Assigned task -
Transcribe the entries that follow, word for word.

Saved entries
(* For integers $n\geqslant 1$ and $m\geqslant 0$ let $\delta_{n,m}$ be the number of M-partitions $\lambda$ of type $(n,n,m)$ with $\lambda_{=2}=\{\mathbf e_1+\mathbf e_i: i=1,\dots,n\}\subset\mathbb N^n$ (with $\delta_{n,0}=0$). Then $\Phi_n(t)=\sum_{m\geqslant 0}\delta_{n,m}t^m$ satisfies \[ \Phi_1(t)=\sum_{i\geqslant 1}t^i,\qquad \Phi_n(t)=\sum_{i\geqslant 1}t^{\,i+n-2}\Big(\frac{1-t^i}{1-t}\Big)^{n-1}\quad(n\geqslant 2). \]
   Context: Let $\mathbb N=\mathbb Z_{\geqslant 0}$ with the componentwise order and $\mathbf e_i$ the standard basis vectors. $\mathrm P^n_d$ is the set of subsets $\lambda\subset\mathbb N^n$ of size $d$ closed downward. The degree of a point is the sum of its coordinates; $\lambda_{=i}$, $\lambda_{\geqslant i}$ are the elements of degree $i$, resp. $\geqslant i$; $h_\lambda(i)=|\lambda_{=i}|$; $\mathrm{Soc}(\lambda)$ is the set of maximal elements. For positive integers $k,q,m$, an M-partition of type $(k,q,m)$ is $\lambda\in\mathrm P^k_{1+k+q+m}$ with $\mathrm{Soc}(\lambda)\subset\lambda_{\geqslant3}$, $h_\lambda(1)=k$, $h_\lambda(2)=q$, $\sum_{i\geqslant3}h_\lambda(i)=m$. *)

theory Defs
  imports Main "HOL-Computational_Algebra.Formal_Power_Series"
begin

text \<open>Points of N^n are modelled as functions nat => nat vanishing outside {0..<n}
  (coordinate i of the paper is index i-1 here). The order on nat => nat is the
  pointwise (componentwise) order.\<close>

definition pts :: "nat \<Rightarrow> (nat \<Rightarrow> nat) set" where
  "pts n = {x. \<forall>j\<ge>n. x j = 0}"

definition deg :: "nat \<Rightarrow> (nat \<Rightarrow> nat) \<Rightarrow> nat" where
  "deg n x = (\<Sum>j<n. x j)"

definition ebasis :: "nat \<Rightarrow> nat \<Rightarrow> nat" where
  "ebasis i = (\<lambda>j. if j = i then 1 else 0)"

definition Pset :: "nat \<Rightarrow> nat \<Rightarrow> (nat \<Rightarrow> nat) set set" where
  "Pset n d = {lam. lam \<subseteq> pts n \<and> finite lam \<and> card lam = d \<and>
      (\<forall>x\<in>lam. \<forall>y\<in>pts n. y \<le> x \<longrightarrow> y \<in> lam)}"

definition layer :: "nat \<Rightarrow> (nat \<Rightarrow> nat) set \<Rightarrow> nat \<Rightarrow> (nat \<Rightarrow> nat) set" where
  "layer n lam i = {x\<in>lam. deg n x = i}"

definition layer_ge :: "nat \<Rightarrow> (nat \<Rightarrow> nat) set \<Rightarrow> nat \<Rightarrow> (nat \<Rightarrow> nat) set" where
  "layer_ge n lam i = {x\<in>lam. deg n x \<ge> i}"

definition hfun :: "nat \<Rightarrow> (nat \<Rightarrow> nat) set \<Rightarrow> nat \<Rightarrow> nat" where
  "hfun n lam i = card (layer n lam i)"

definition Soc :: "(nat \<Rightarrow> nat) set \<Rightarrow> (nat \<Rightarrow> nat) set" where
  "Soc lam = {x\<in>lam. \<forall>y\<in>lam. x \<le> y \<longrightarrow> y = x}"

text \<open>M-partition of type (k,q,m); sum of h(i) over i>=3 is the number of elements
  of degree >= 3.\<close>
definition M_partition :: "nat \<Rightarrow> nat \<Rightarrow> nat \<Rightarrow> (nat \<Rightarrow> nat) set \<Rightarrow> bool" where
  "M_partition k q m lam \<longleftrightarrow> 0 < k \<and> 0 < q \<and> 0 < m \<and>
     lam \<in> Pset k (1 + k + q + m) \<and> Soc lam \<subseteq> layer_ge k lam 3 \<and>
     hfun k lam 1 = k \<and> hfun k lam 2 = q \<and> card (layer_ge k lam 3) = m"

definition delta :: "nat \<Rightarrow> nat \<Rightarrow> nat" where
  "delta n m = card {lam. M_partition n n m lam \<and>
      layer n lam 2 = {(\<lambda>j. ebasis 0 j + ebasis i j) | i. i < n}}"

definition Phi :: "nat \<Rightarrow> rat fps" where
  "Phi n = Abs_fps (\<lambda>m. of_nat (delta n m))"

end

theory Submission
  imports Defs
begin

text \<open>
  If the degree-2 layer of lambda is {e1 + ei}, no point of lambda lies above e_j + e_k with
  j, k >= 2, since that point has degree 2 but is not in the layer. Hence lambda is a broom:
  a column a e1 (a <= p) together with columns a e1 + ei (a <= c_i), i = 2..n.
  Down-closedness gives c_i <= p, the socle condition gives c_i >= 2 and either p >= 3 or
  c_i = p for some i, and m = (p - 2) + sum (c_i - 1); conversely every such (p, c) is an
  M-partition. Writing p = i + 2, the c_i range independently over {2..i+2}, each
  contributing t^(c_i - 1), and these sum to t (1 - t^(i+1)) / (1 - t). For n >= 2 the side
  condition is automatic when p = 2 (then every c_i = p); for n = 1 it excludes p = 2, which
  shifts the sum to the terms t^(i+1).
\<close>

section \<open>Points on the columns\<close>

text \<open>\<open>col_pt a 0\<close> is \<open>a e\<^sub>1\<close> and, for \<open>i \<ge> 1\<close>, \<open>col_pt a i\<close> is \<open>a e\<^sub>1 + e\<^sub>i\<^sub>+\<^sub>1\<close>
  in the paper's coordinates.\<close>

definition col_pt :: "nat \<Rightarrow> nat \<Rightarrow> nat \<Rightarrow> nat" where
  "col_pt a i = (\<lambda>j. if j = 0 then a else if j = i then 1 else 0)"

Your solution -
(* For integers $n\geqslant 1$ and $m\geqslant 0$ let $\delta_{n,m}$ be the number of M-partitions $\lambda$ of type $(n,n,m)$ with $\lambda_{=2}=\{\mathbf e_1+\mathbf e_i: i=1,\dots,n\}\subset\mathbb N^n$ (with $\delta_{n,0}=0$). Then $\Phi_n(t)=\sum_{m\geqslant 0}\delta_{n,m}t^m$ satisfies \[ \Phi_1(t)=\sum_{i\geqslant 1}t^i,\qquad \Phi_n(t)=\sum_{i\geqslant 1}t^{\,i+n-2}\Big(\frac{1-t^i}{1-t}\Big)^{n-1}\quad(n\geqslant 2). \]
   Context: Let $\mathbb N=\mathbb Z_{\geqslant 0}$ with the componentwise order and $\mathbf e_i$ the standard basis vectors. $\mathrm P^n_d$ is the set of subsets $\lambda\subset\mathbb N^n$ of size $d$ closed downward. The degree of a point is the sum of its coordinates; $\lambda_{=i}$, $\lambda_{\geqslant i}$ are the elements of degree $i$, resp. $\geqslant i$; $h_\lambda(i)=|\lambda_{=i}|$; $\mathrm{Soc}(\lambda)$ is the set of maximal elements. For positive integers $k,q,m$, an M-partition of type $(k,q,m)$ is $\lambda\in\mathrm P^k_{1+k+q+m}$ with $\mathrm{Soc}(\lambda)\subset\lambda_{\geqslant3}$, $h_\lambda(1)=k$, $h_\lambda(2)=q$, $\sum_{i\geqslant3}h_\lambda(i)=m$. *)

theory Defs
  imports Main "HOL-Computational_Algebra.Formal_Power_Series"
begin

text \<open>Points of N^n are modelled as functions nat => nat vanishing outside {0..<n}
  (coordinate i of the paper is index i-1 here). The order on nat => nat is the
  pointwise (componentwise) order.\<close>

definition pts :: "nat \<Rightarrow> (nat \<Rightarrow> nat) set" where
  "pts n = {x. \<forall>j\<ge>n. x j = 0}"

definition deg :: "nat \<Rightarrow> (nat \<Rightarrow> nat) \<Rightarrow> nat" where
  "deg n x = (\<Sum>j<n. x j)"

definition ebasis :: "nat \<Rightarrow> nat \<Rightarrow> nat" where
  "ebasis i = (\<lambda>j. if j = i then 1 else 0)"

definition Pset :: "nat \<Rightarrow> nat \<Rightarrow> (nat \<Rightarrow> nat) set set" where
  "Pset n d = {lam. lam \<subseteq> pts n \<and> finite lam \<and> card lam = d \<and>
      (\<forall>x\<in>lam. \<forall>y\<in>pts n. y \<le> x \<longrightarrow> y \<in> lam)}"

definition layer :: "nat \<Rightarrow> (nat \<Rightarrow> nat) set \<Rightarrow> nat \<Rightarrow> (nat \<Rightarrow> nat) set" where
  "layer n lam i = {x\<in>lam. deg n x = i}"

definition layer_ge :: "nat \<Rightarrow> (nat \<Rightarrow> nat) set \<Rightarrow> nat \<Rightarrow> (nat \<Rightarrow> nat) set" where
  "layer_ge n lam i = {x\<in>lam. deg n x \<ge> i}"

definition hfun :: "nat \<Rightarrow> (nat \<Rightarrow> nat) set \<Rightarrow> nat \<Rightarrow> nat" where
  "hfun n lam i = card (layer n lam i)"

definition Soc :: "(nat \<Rightarrow> nat) set \<Rightarrow> (nat \<Rightarrow> nat) set" where
  "Soc lam = {x\<in>lam. \<forall>y\<in>lam. x \<le> y \<longrightarrow> y = x}"

text \<open>M-partition of type (k,q,m); sum of h(i) over i>=3 is the number of elements
  of degree >= 3.\<close>
definition M_partition :: "nat \<Rightarrow> nat \<Rightarrow> nat \<Rightarrow> (nat \<Rightarrow> nat) set \<Rightarrow> bool" where
  "M_partition k q m lam \<longleftrightarrow> 0 < k \<and> 0 < q \<and> 0 < m \<and>
     lam \<in> Pset k (1 + k + q + m) \<and> Soc lam \<subseteq> layer_ge k lam 3 \<and>
     hfun k lam 1 = k \<and> hfun k lam 2 = q \<and> card (layer_ge k lam 3) = m"

definition delta :: "nat \<Rightarrow> nat \<Rightarrow> nat" where
  "delta n m = card {lam. M_partition n n m lam \<and>
      layer n lam 2 = {(\<lambda>j. ebasis 0 j + ebasis i j) | i. i < n}}"

definition Phi :: "nat \<Rightarrow> rat fps" where
  "Phi n = Abs_fps (\<lambda>m. of_nat (delta n m))"

end

theory Submission
  imports Defs
begin

text \<open>
  If the degree-2 layer of lambda is {e1 + ei}, no point of lambda lies above e_j + e_k with
  j, k >= 2, since that point has degree 2 but is not in the layer. Hence lambda is a broom:
  a column a e1 (a <= p) together with columns a e1 + ei (a <= c_i), i = 2..n.
  Down-closedness gives c_i <= p, the socle condition gives c_i >= 2 and either p >= 3 or
  c_i = p for some i, and m = (p - 2) + sum (c_i - 1); conversely every such (p, c) is an
  M-partition. Writing p = i + 2, the c_i range independently over {2..i+2}, each
  contributing t^(c_i - 1), and these sum to t (1 - t^(i+1)) / (1 - t). For n >= 2 the side
  condition is automatic when p = 2 (then every c_i = p); for n = 1 it excludes p = 2, which
  shifts the sum to the terms t^(i+1).
\<close>

section \<open>Points on the columns\<close>

text \<open>\<open>col_pt a 0\<close> is \<open>a e\<^sub>1\<close> and, for \<open>i \<ge> 1\<close>, \<open>col_pt a i\<close> is \<open>a e\<^sub>1 + e\<^sub>i\<^sub>+\<^sub>1\<close>
  in the paper's coordinates.\<close>

definition col_pt :: "nat \<Rightarrow> nat \<Rightarrow> nat \<Rightarrow> nat" where
  "col_pt a i = (\<lambda>j. if j = 0 then a else if j = i then 1 else 0)"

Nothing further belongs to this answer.